Когда прощались, его глаза увлажнились.
…Собрание сочинений вышло миллионным тиражом.
Никогда не забуду — письма и книготорговцев, и читателей — все требовали и требовали увеличить тираж.
Но тогда, когда пришла скорбная весть из Вёшек о кончине Михаила Александровича, а книга все еще готовится, как же было тягостно сознавать, что Шолохов так и не увидел этого своего издания. Не удалось ему взглянуть на сигнальный экземпляр, вдохнуть запах — особый, неповторимый — бумаги и краски, и провести по обычаю ладонью по переплету, и выловить в выходных данных, каков же тираж.
Михаил Александрович Шолохов мужественно жил и столь же мужественно умирал.
В заботах о литературе, в тревогах за будущее своей страны и в любви к жене.
Вдруг Шолохов потребовал вернуть себя домой, в Вёшки. Мария Петровна и дети в отчаянии — там же не будет таких врачей.
Врачи же этой главной кремлевской лечебницы справедливо сказали: «Не надо перечить… Если ему хочется… Вдруг возвращение станет чудом…»
Но вылет все откладывали — нелетная погода. Вёшенец каждое утро обращал взгляд — в нетерпении — в окно: какое небо?..
Летели небольшим самолетом — обком партии побеспокоился и выделил «Як-40».
Дома ему разрешали многое. Сначала все шло у него как прежде при какой-нибудь обычной болезни: с утра — газеты, потом подписывал депутатские ходатайства — «по начальствам», читал книги…
Но дикая боль брала свое. Врач поражена: он отверг наркотики — никаких уколов с обезболивающим.
Он уходил в дрему или в прерывистый ночной сон, только если рядом была рука Марии Петровны.
Чувствовал неловкость, что с ним даже после окончания рабочего дня просиживали врач и сестра. Пытался урезонивать их — идите, идите же по домам, со мной ничего не случится…

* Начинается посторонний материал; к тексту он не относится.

(* Let $r\ge 2$ and $g,h\ge 0$ be integers with $g+h\ge 1$. Then the graph $gK_{r+1}\cup h(K_{r+1,r+1}\setminus F)$ is determined by its $Q$-spectrum (DQS). In particular, $K_{r+1}$ and $K_{r+1,r+1}\setminus F$ are DQS.
   Context: All graphs are finite, simple and undirected. $Q(G)=D(G)+A(G)$ is the signless Laplacian matrix (degree diagonal matrix plus adjacency matrix), and $\mathrm{Spec}_Q(G)$ is the multiset of its eigenvalues. A graph $G$ is DQS if every graph $H$ with $\mathrm{Spec}_Q(H)=\mathrm{Spec}_Q(G)$ is isomorphic to $G$. $K_{r+1,r+1}\setminus F$ denotes the graph obtained from $K_{r+1,r+1}$ by deleting the edges of a perfect matching $F$; $kH$ is the disjoint union of $k$ copies of $H$ and $\cup$ is disjoint union. *)

theory Defs
  imports "Jordan_Normal_Form.Char_Poly" "HOL-Computational_Algebra.Polynomial"
begin

text \<open>A finite simple graph with n vertices is represented on the vertex set {0..<n}
  by a pair (n, E) with an edge relation E; only E restricted to {0..<n} matters.\<close>

type_synonym graph = "nat \<times> (nat \<Rightarrow> nat \<Rightarrow> bool)"

definition nverts :: "graph \<Rightarrow> nat" where "nverts G = fst G"
definition adj :: "graph \<Rightarrow> nat \<Rightarrow> nat \<Rightarrow> bool" where "adj G = snd G"

definition simple_graph :: "graph \<Rightarrow> bool" where
  "simple_graph G \<longleftrightarrow>
     (\<forall>i j. adj G i j \<longrightarrow> i < nverts G \<and> j < nverts G) \<and>
     (\<forall>i. \<not> adj G i i) \<and> (\<forall>i j. adj G i j \<longrightarrow> adj G j i)"

definition degree :: "graph \<Rightarrow> nat \<Rightarrow> nat" where
  "degree G i = card {j. j < nverts G \<and> adj G i j}"

definition signless_laplacian :: "graph \<Rightarrow> complex mat" where
  "signless_laplacian G = mat (nverts G) (nverts G)
     (\<lambda>(i, j). (if i = j then of_nat (degree G i) else 0) + (if adj G i j then 1 else 0))"

definition spec_Q :: "graph \<Rightarrow> complex multiset" where
  "spec_Q G = proots (char_poly (signless_laplacian G))"

definition isomorphic :: "graph \<Rightarrow> graph \<Rightarrow> bool" where
  "isomorphic G H \<longleftrightarrow> (\<exists>f. bij_betw f {0..<nverts G} {0..<nverts H} \<and>
     (\<forall>i<nverts G. \<forall>j<nverts G. adj G i j \<longleftrightarrow> adj H (f i) (f j)))"

definition DQS :: "graph \<Rightarrow> bool" where
  "DQS G \<longleftrightarrow> (\<forall>H. simple_graph H \<longrightarrow> spec_Q H = spec_Q G \<longrightarrow> isomorphic H G)"

definition disjoint_union :: "graph \<Rightarrow> graph \<Rightarrow> graph" where
  "disjoint_union G H = (nverts G + nverts H,
     \<lambda>i j. (i < nverts G \<and> j < nverts G \<and> adj G i j) \<or>
           (nverts G \<le> i \<and> nverts G \<le> j \<and> adj H (i - nverts G) (j - nverts G)))"

definition empty_graph :: graph where "empty_graph = (0, \<lambda>_ _. False)"

fun copies :: "nat \<Rightarrow> graph \<Rightarrow> graph" where
  "copies 0 H = empty_graph"
| "copies (Suc k) H = disjoint_union (copies k H) H"

definition complete_graph :: "nat \<Rightarrow> graph" where
  "complete_graph n = (n, \<lambda>i j. i < n \<and> j < n \<and> i \<noteq> j)"

text \<open>K_{m,m} minus the perfect matching F = {(i, m+i) | i<m}: sides {0..<m}
  and {m..<2m}; i and m+j adjacent iff i \<noteq> j.  (All perfect matchings give
  isomorphic graphs.)\<close>
definition crown_graph :: "nat \<Rightarrow> graph" where
  "crown_graph m = (2 * m, \<lambda>i j. i < 2 * m \<and> j < 2 * m \<and>
      ((i < m \<and> m \<le> j \<and> j - m \<noteq> i) \<or> (j < m \<and> m \<le> i \<and> i - m \<noteq> j)))"

end

theory Submission
  imports Defs "Jordan_Normal_Form.Schur_Decomposition"
begin

text \<open>Cospectral graphs have equal traces of every polynomial in Q. The traces of Q and Q^2
  force a graph H cospectral with the r-regular graph G to be r-regular, so that Q - r I is its
  adjacency matrix A. The polynomial p(x) = (x - r - 1)(x - r + 1)(x - 2r)x annihilates Q(G), and
  p(Q(H)) = (A^2 - I)(A^2 - r^2 I) is symmetric with trace of its square equal to that for G,
  namely 0; hence p(Q(H)) = 0. Then M = A^2 - I satisfies M^2 = (r^2 - 1) M, which forces
  "having a common neighbour" to be an equivalence relation whose classes (blocks) have r + 1
  elements, two vertices of a block having r - 1 common neighbours. The neighbours of a vertex
  fill all but one vertex of a single block: either its own block, which then spans a K_(r+1),
  or a second block, which together with its own one spans a K_(r+1,r+1) minus a perfect
  matching. Finally the trace of A^3 counts the vertices of the K_(r+1) components, so H has g of
  them and h crowns.\<close>

section \<open>Traces of polynomials in a matrix\<close>

lemma sum_eq_single:
  assumes "finite A" "i \<in> A" "\<And>k. k \<in> A \<Longrightarrow> k \<noteq> i \<Longrightarrow> g k = (0::'b::comm_monoid_add)"
  shows "sum g A = g i"
proof -
  have "sum g A = g i + sum g (A - {i})" using assms by (simp add: sum.remove)
  also have "sum g (A - {i}) = 0" using assms by (intro sum.neutral) auto
  finally show ?thesis by simp
qed

lemma sum_if_card:
  "(\<Sum>k<(n::nat). if P k then c else 0) = of_nat (card {k. k < n \<and> P k}) * (c::'a::semiring_1)"
proof -
  have "(\<Sum>k<n. if P k then c else 0) = (\<Sum>k\<in>{k\<in>{..<n}. P k}. c)"
    by (rule sum.inter_filter[symmetric]) simp
  also have "{k\<in>{..<n}. P k} = {k. k < n \<and> P k}" by auto
  finally show ?thesis by simp
qed

lemma sum_delta_right:
  "j < (n::nat) \<Longrightarrow> (\<Sum>k<n. f k * (if k = j then c else 0)) = f j * (c::'a::semiring_1)"
  by (subst sum_eq_single[of _ j]) auto

lemma sum_delta_left:
  "i < (n::nat) \<Longrightarrow> (\<Sum>k<n. (if i = k then c else 0) * f k) = c * (f i::'a::semiring_1)"
  by (subst sum_eq_single[of _ i]) auto

definition mat_trace :: "'a::comm_ring_1 mat \<Rightarrow> 'a" where
  "mat_trace M = (\<Sum>i<dim_row M. M $$ (i, i))"

definition shifted_prod :: "'a::comm_ring_1 mat \<Rightarrow> nat \<Rightarrow> 'a list \<Rightarrow> 'a mat" where
  "shifted_prod A n as = foldr (\<lambda>a M. (A - a \<cdot>\<^sub>m 1\<^sub>m n) * M) as (1\<^sub>m n)"

lemma shifted_prod_Nil [simp]: "shifted_prod A n [] = 1\<^sub>m n"
  by (simp add: shifted_prod_def)

lemma shifted_prod_Cons: "shifted_prod A n (a # as) = (A - a \<cdot>\<^sub>m 1\<^sub>m n) * shifted_prod A n as"
  by (simp add: shifted_prod_def)

lemma shifted_mat_carrier [simp]: "A \<in> carrier_mat n n \<Longrightarrow> A - a \<cdot>\<^sub>m 1\<^sub>m n \<in> carrier_mat n n"
  by (simp add: minus_carrier_mat)

lemma shifted_prod_carrier: "A \<in> carrier_mat n n \<Longrightarrow> shifted_prod A n as \<in> carrier_mat n n"
  by (induction as) (auto simp: shifted_prod_Cons)

lemma shifted_prod_append:
  assumes A: "A \<in> carrier_mat n n"
  shows "shifted_prod A n (as @ bs) = shifted_prod A n as * shifted_prod A n bs"
proof (induction as)
  case Nil
  then show ?case using left_mult_one_mat[OF shifted_prod_carrier[OF A]] by simp
next
  case (Cons a as)
  then show ?case
    using A shifted_prod_carrier[OF A]
    by (simp add: shifted_prod_Cons assoc_mult_mat[of _ n n _ n _ n])
qed

lemma shifted_prod_single: "A \<in> carrier_mat n n \<Longrightarrow> shifted_prod A n [a] = A - a \<cdot>\<^sub>m 1\<^sub>m n"
  by (simp add: shifted_prod_Cons)

lemma shifted_prod_pair:
  "A \<in> carrier_mat n n \<Longrightarrow> shifted_prod A n [a, b] = (A - a \<cdot>\<^sub>m 1\<^sub>m n) * (A - b \<cdot>\<^sub>m 1\<^sub>m n)"
  by (simp add: shifted_prod_Cons[of A n a "[b]"] shifted_prod_single)

lemma minus_zero_smult_one: "A \<in> carrier_mat n n \<Longrightarrow> A - (0::'a::comm_ring_1) \<cdot>\<^sub>m 1\<^sub>m n = A"
  by (rule eq_matI) auto

lemma index_mult_mat_sum:
  "M \<in> carrier_mat n k \<Longrightarrow> N \<in> carrier_mat k m \<Longrightarrow> i < n \<Longrightarrow> j < m \<Longrightarrow>
   (M * N) $$ (i, j) = (\<Sum>l<k. M $$ (i, l) * N $$ (l, j))"
  by (simp add: scalar_prod_def row_def col_def atLeast0LessThan)

lemma mat_trace_mult_comm:
  assumes "X \<in> carrier_mat n k" "Y \<in> carrier_mat k n"
  shows "mat_trace (X * Y) = mat_trace (Y * X)"
proof -
  have "mat_trace (X * Y) = (\<Sum>i<n. \<Sum>j<k. X $$ (i, j) * Y $$ (j, i))"
    using assms by (simp add: mat_trace_def scalar_prod_def row_def col_def atLeast0LessThan)
  also have "\<dots> = (\<Sum>j<k. \<Sum>i<n. Y $$ (j, i) * X $$ (i, j))"
    by (subst sum.swap) (simp add: mult.commute)
  also have "\<dots> = mat_trace (Y * X)"
    using assms by (simp add: mat_trace_def scalar_prod_def row_def col_def atLeast0LessThan)
  finally show ?thesis .
qed

lemma upper_triangular_mult:
  assumes X: "X \<in> carrier_mat n n" and Y: "Y \<in> carrier_mat n n"
    and ux: "upper_triangular X" and uy: "upper_triangular Y"
  shows "upper_triangular (X * Y)"
proof (rule upper_triangularI)
  fix i j assume ji: "j < i" and i: "i < dim_row (X * Y)"
  have "X $$ (i, k) * Y $$ (k, j) = 0" if k: "k < n" for k
  proof (cases "k < i")
    case True
    then show ?thesis using upper_triangularD[OF ux True] X i by auto
  next
    case False
    then have "j < k" using ji by auto
    then show ?thesis using upper_triangularD[OF uy] Y k by auto
  qed
  then show "(X * Y) $$ (i, j) = 0"
    using X Y i ji by (subst index_mult_mat_sum[OF X Y]) auto
qed

lemma diag_mult_upper_triangular:
  assumes X: "X \<in> carrier_mat n n" and Y: "Y \<in> carrier_mat n n"
    and ux: "upper_triangular X" and uy: "upper_triangular Y" and i: "i < n"
  shows "(X * Y) $$ (i, i) = X $$ (i, i) * Y $$ (i, i)"
proof -
  have "X $$ (i, k) * Y $$ (k, i) = 0" if k: "k < n" "k \<noteq> i" for k
  proof (cases "k < i")
    case True
    then show ?thesis using upper_triangularD[OF ux True] X i by auto
  next
    case False
    then have "i < k" using k by auto
    then show ?thesis using upper_triangularD[OF uy] Y k by auto
  qed
  then show ?thesis
    using i by (subst index_mult_mat_sum[OF X Y]) (auto intro: sum_eq_single)
qed

lemma shifted_prod_upper_triangular:
  assumes B: "B \<in> carrier_mat n n" and "upper_triangular B"
  shows "upper_triangular (shifted_prod B n as) \<and>
    (\<forall>i<n. shifted_prod B n as $$ (i, i) = (\<Prod>a\<leftarrow>as. B $$ (i, i) - a))"
proof (induction as)
  case (Cons a as)
  have C: "B - a \<cdot>\<^sub>m 1\<^sub>m n \<in> carrier_mat n n" using B by simp
  have U: "upper_triangular (B - a \<cdot>\<^sub>m 1\<^sub>m n)"
    using assms by (auto simp: upper_triangular_def)
  show ?case
    using Cons B upper_triangular_mult[OF C shifted_prod_carrier[OF B] U]
      diag_mult_upper_triangular[OF C shifted_prod_carrier[OF B] U]
    by (simp add: shifted_prod_Cons)
qed simp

Тяготился и тогда, когда сам уже не мог взять в руки кружку с чаем или когда ему меняли рубашку. Возненавидел свое все более проявляющееся бессилие.
Курить не перестал.
Он знал о своей безнадежной болезни. И все-таки силился жить. Вдруг вспомнил — обещал какой-то сельской библиотеке книгу «Тихий Дон» с автографом. Вдруг попросил секретаря сходить в райком и заплатить партийные взносы. Тот, не подумав, произнес: «Есть еще время». Мол, середина месяца, а платить надо в конце. В ответ — какой-то новый, особый взгляд — он явно был полон непонимания: неужто не ясно, что для жизни каждый миг значим. Вдруг всплыли в памяти обязательства перед издательством.